Friday, May 7, 2010

Faces of Africa

Sitting outside enjoying the cool evening air at a restaurant in South Africa, Terry warned me that it would be nearly impossible to share my experience with anyone. "They mean well, and are interested, but their attention span will be about ten minutes and you will be frustrated at your own inability to capture your experience with words and even photographs" is the gist of his wisdom.

The stories I have. Entertaining, insightful, pithy - well under ten minutes. The photographs prepared - set to music even. The sincere and loving openings from friends and family to share - all there. I am profoundly living in the 'own inability' part. Jet lag long gone, I am wandering around in caverns of exhaustion just underground. Poking my head up, squinting at the shards of light to make conversation, dinner, piles of clean laundry, then sinking - relieved - back into the cool dark. In between, or perhaps lurking in yet deeper caves, is grief I think. And a choice.
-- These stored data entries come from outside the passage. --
text \<open>Quasicontinuity at a point (neighbourhoods may be taken open w.l.o.g.).\<close>
definition quasicontinuous_at :: "('a::topological_space \<Rightarrow> 'b::topological_space) \<Rightarrow> 'a \<Rightarrow> bool" where
  "quasicontinuous_at g a \<longleftrightarrow>
     (\<forall>U W. open U \<longrightarrow> a \<in> U \<longrightarrow> open W \<longrightarrow> g a \<in> W \<longrightarrow>
        (\<exists>V. open V \<and> V \<noteq> {} \<and> V \<subseteq> U \<and> g ` V \<subseteq> W))"

definition quasicontinuous :: "('a::topological_space \<Rightarrow> 'b::topological_space) \<Rightarrow> bool" where
  "quasicontinuous g \<longleftrightarrow> (\<forall>a. quasicontinuous_at g a)"

definition residual :: "'a::topological_space set \<Rightarrow> bool" where
  "residual R \<longleftrightarrow> (\<exists>G :: nat \<Rightarrow> 'a set. (\<forall>n. open (G n) \<and> closure (G n) = UNIV) \<and> (\<Inter>n. G n) \<subseteq> R)"

end

theory Submission
  imports Defs
begin

(*
  Fix a countable base BB of Y and a point y_B in each B in BB.  For e > 0
  two kinds of sets in X are considered:
  - the points where the oscillation of the section f(-, y_B) is below e; this set is
    open, and it is dense because f(-, y_B) is quasicontinuous;
  - the set P(B, e) of points x such that f(x,y) is more than e away from f(x,y_B) for
    some y in B; as for any set P, interior P united with the exterior of interior P
    is open and dense.
  Taking e = 1/(n+1), the points lying in all these countably many dense open sets
  (the "good points") form a residual set (lemma residual_good_points).  If a is good
  and f(a, -) is continuous at b, choose B containing b so small that f(a, -) varies by
  less than e/2 on B.  Then a lies outside P(B, e), hence a has a neighbourhood U
  missing interior P(B, e), and quasicontinuity of the sections f(-, y) shows that f
  stays within 4e of f(a,b) on U x B (lemma local_bound); this gives joint continuity
  at (a,b) (lemma tendsto_at_good_point), and the theorem follows.
*)

lemma residualI:
  fixes R :: "'a::topological_space set"
  assumes "countable \<G>" and "\<forall>G\<in>\<G>. open G \<and> closure G = UNIV" and "\<Inter>\<G> \<subseteq> R"
  shows "residual R"
proof (cases "\<G> = {}")
  case True
  then show ?thesis
    using assms unfolding residual_def by (intro exI[of _ "\<lambda>n. UNIV"]) auto
next
  case False
  then have "range (from_nat_into \<G>) = \<G>"
    using assms(1) by simp
  then show ?thesis
    using assms(2,3) unfolding residual_def by (intro exI[of _ "from_nat_into \<G>"]) auto
qed

lemma open_union_exterior_dense:
  fixes S :: "'a::topological_space set"
  assumes "open S"
  shows "open (S \<union> - closure S)" and "closure (S \<union> - closure S) = UNIV"
proof -
  show "open (S \<union> - closure S)"
    using assms by auto
  have "closure S \<subseteq> closure (S \<union> - closure S)"
    by (rule closure_mono) blast
  moreover have "- closure S \<subseteq> closure (S \<union> - closure S)"
    using closure_subset[of "S \<union> - closure S"] by blast
  ultimately show "closure (S \<union> - closure S) = UNIV"
    by blast
qed

definition small_oscillation :: "('a::topological_space \<Rightarrow> 'c::metric_space) \<Rightarrow> real \<Rightarrow> 'a set" where
  "small_oscillation g \<epsilon> =
     {x. \<exists>U. open U \<and> x \<in> U \<and> (\<forall>u\<in>U. \<forall>v\<in>U. dist (g u) (g v) < \<epsilon>)}"

text \<open>Small oscillation at x is witnessed on a whole neighbourhood of x.\<close>
lemma open_small_oscillation: "open (small_oscillation g \<epsilon>)"
  unfolding small_oscillation_def open_subopen[of "{x. _ x}"] by blast

lemma quasicontinuous_atE:
  fixes g :: "'a::topological_space \<Rightarrow> 'c::metric_space"
  assumes "quasicontinuous_at g x" "open U" "x \<in> U" "\<epsilon> > 0"
  obtains V where "open V" "V \<noteq> {}" "V \<subseteq> U" "\<forall>v\<in>V. dist (g x) (g v) < \<epsilon>"
  using assms unfolding quasicontinuous_at_def
  by (metis centre_in_ball image_subset_iff mem_ball open_ball)

lemma dense_small_oscillation:
  fixes g :: "'a::topological_space \<Rightarrow> 'c::metric_space"
  assumes "quasicontinuous g" and "\<epsilon> > 0"
  shows "closure (small_oscillation g \<epsilon>) = UNIV"
proof (rule ccontr)
  let ?E = "small_oscillation g \<epsilon>"
  assume "closure ?E \<noteq> UNIV"
  then obtain x where "x \<in> - closure ?E"
    by blast
  moreover have "\<epsilon> / 2 > 0"
    using assms(2) by simp
  ultimately obtain V where V: "open V" "V \<noteq> {}" "V \<subseteq> - closure ?E"
    and close: "\<forall>v\<in>V. dist (g x) (g v) < \<epsilon> / 2"
    using assms(1) quasicontinuous_def quasicontinuous_atE
    by (metis open_Compl closed_closure)
  have "\<forall>u\<in>V. \<forall>v\<in>V. dist (g u) (g v) < \<epsilon>"
    using close by (metis dist_triangle_half_r)
  then have "V \<subseteq> ?E"
    using V(1) unfolding small_oscillation_def by blast
  then show False
    using V(2,3) closure_subset by blast
qed

definition jump_set :: "('a \<times> 'b \<Rightarrow> 'c::metric_space) \<Rightarrow> 'b set \<Rightarrow> 'b \<Rightarrow> real \<Rightarrow> 'a set" where
  "jump_set f B y0 \<epsilon> = {x. \<exists>y\<in>B. \<epsilon> < dist (f (x, y)) (f (x, y0))}"

lemma local_bound:
  fixes f :: "'a::topological_space \<times> 'b \<Rightarrow> 'c::metric_space"
    and B :: "'b set" and y0 :: 'b and \<epsilon> :: real
  defines "P \<equiv> jump_set f B y0 \<epsilon>"
  assumes qc: "\<forall>y. quasicontinuous (\<lambda>x. f (x, y))"
    and osc: "a \<in> small_oscillation (\<lambda>x. f (x, y0)) \<epsilon>"
    and regular: "a \<in> interior P \<union> - closure (interior P)"
    and y0: "y0 \<in> B"
    and near: "\<forall>y\<in>B. dist (f (a, y)) (f (a, b)) < \<epsilon> / 2"
  obtains U where "open U" "a \<in> U" "\<forall>x\<in>U. \<forall>y\<in>B. dist (f (x, y)) (f (a, b)) < 4 * \<epsilon>"
proof -
  have eps: "\<epsilon> > 0"
  proof -
    have "0 \<le> dist (f (a, y0)) (f (a, b))" "dist (f (a, y0)) (f (a, b)) < \<epsilon> / 2"
      using near y0 by auto
    then show ?thesis by linarith
  qed
  have "a \<notin> P"
  proof
    assume "a \<in> P"
    then obtain y where "y \<in> B" and far: "\<epsilon> < dist (f (a, y)) (f (a, y0))"
      unfolding P_def jump_set_def by blast
    then have "dist (f (a, y)) (f (a, b)) < \<epsilon> / 2" "dist (f (a, y0)) (f (a, b)) < \<epsilon> / 2"
      using near y0 by auto
    then have "dist (f (a, y)) (f (a, y0)) < \<epsilon>"
      by (rule dist_triangle_half_l)
    then show False
      using far by simp
  qed
  then have a_ext: "a \<in> - closure (interior P)"
    using regular interior_subset by blast
  obtain U1 where U1: "open U1" "a \<in> U1"
    and flat: "\<forall>u\<in>U1. \<forall>v\<in>U1. dist (f (u, y0)) (f (v, y0)) < \<epsilon>"
    using osc unfolding small_oscillation_def by blast
  define U where "U = U1 \<inter> - closure (interior P)"
  have U: "open U" "a \<in> U"
    using U1 a_ext unfolding U_def by auto
  have "dist (f (x, y)) (f (a, b)) < 4 * \<epsilon>" if x: "x \<in> U" and y: "y \<in> B" for x y
  proof (rule ccontr)
    assume far: "\<not> ?thesis"
    have "quasicontinuous_at (\<lambda>x. f (x, y)) x"
      using qc unfolding quasicontinuous_def by blast
    then obtain V where V: "open V" "V \<noteq> {}" "V \<subseteq> U"
      and close: "\<forall>v\<in>V. dist (f (x, y)) (f (v, y)) < \<epsilon>"
      using quasicontinuous_atE U(1) x eps by metis
    have "V \<subseteq> P"
    proof
      fix v
      assume v: "v \<in> V"
      have "dist (f (x, y)) (f (v, y)) < \<epsilon>"
        using close v by blast
      moreover have "dist (f (v, y0)) (f (a, y0)) < \<epsilon>"
        using flat U1(2) v V(3) unfolding U_def by blast
      moreover have "dist (f (a, y0)) (f (a, b)) < \<epsilon> / 2"
        using near y0 by blast
      moreover have "4 * \<epsilon> \<le> dist (f (x, y)) (f (a, b))"
        using far by simp
      ultimately have "\<epsilon> < dist (f (v, y)) (f (v, y0))"
        using dist_triangle[of "f (x, y)" "f (a, b)" "f (v, y)"]
          dist_triangle[of "f (v, y)" "f (a, b)" "f (v, y0)"]
          dist_triangle[of "f (v, y0)" "f (a, b)" "f (a, y0)"] eps
        by linarith
      then show "v \<in> P"
        using y unfolding P_def jump_set_def by blast
    qed
    then have "V \<subseteq> interior P"
      using V(1) by (rule interior_maximal)
    then show False
      using V(2,3) closure_subset unfolding U_def by blast
  qed
  then show thesis
    using U that by blast
qed

lemma tendsto_at_pair_from_boxes:
  fixes f :: "'a::topological_space \<times> 'b::topological_space \<Rightarrow> 'c::metric_space"
  assumes "\<And>e. e > 0 \<Longrightarrow> \<exists>U V. open U \<and> open V \<and> a \<in> U \<and> b \<in> V \<and>
                          (\<forall>x\<in>U. \<forall>y\<in>V. dist (f (x, y)) (f (a, b)) < e)"
  shows "(f \<longlongrightarrow> f (a, b)) (at (a, b))"
proof (rule tendstoI)
  fix e :: real
  assume "e > 0"
  then obtain U V where UV: "open U" "open V" "a \<in> U" "b \<in> V"
    and bound: "\<forall>x\<in>U. \<forall>y\<in>V. dist (f (x, y)) (f (a, b)) < e"
    using assms[OF \<open>e > 0\<close>] by blast
  have "open (U \<times> V)" "(a, b) \<in> U \<times> V"
    using UV by (simp_all add: open_Times)
  moreover have "\<forall>z\<in>U \<times> V. dist (f z) (f (a, b)) < e"
    using bound by force
  ultimately show "\<forall>\<^sub>F z in at (a, b). dist (f z) (f (a, b)) < e"
    unfolding eventually_at_topological by (metis (no_types, lifting))
qed

lemma basis_element_near:
  fixes g :: "'b::topological_space \<Rightarrow> 'c::metric_space"
  assumes "topological_basis \<B>" and "(g \<longlongrightarrow> g b) (at b)" and "\<epsilon> > 0"
  obtains B where "B \<in> \<B>" "b \<in> B" "\<forall>y\<in>B. dist (g y) (g b) < \<epsilon>"
proof -
  obtain T where T: "open T" "b \<in> T" and near: "\<forall>y\<in>T. y \<noteq> b \<longrightarrow> dist (g y) (g b) < \<epsilon>"
    using tendstoD[OF assms(2,3)] unfolding eventually_at_topological by blast
  obtain B where B: "B \<in> \<B>" "b \<in> B" "B \<subseteq> T"
    using topological_basisE[OF assms(1) T] by blast
  have "dist (g y) (g b) < \<epsilon>" if "y \<in> B" for y
    using near B(3) that assms(3) by (cases "y = b") auto
  then show thesis
    using B(1,2) that by blast
qed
We hang on so tight don't we? To the part of our experience that we just call memories for short. That damned time-space continuum thing that makes us perceive the past as gone. The unsettling knowledge of just how untrustworthy the conscious memory banks are, forever losing our most precious deposits.

I can't really tell you how it was for me. Sit here totally humbled by my lack of words for how it is for me now. But I am grateful that you were willing to sit and listen. Because I am now clear on this much at least. I can choose to float in the sweet quiet of the middling caves, or I can truly face the ferocious depths of dark and loss and warm myself in the light of living and trust that it will be alright.

This is five minutes of what I miss...

4 comments:

  1. Beautiful pictures. So glad that you were belessed to have the experience. Love you. I I will be able to hug you soon.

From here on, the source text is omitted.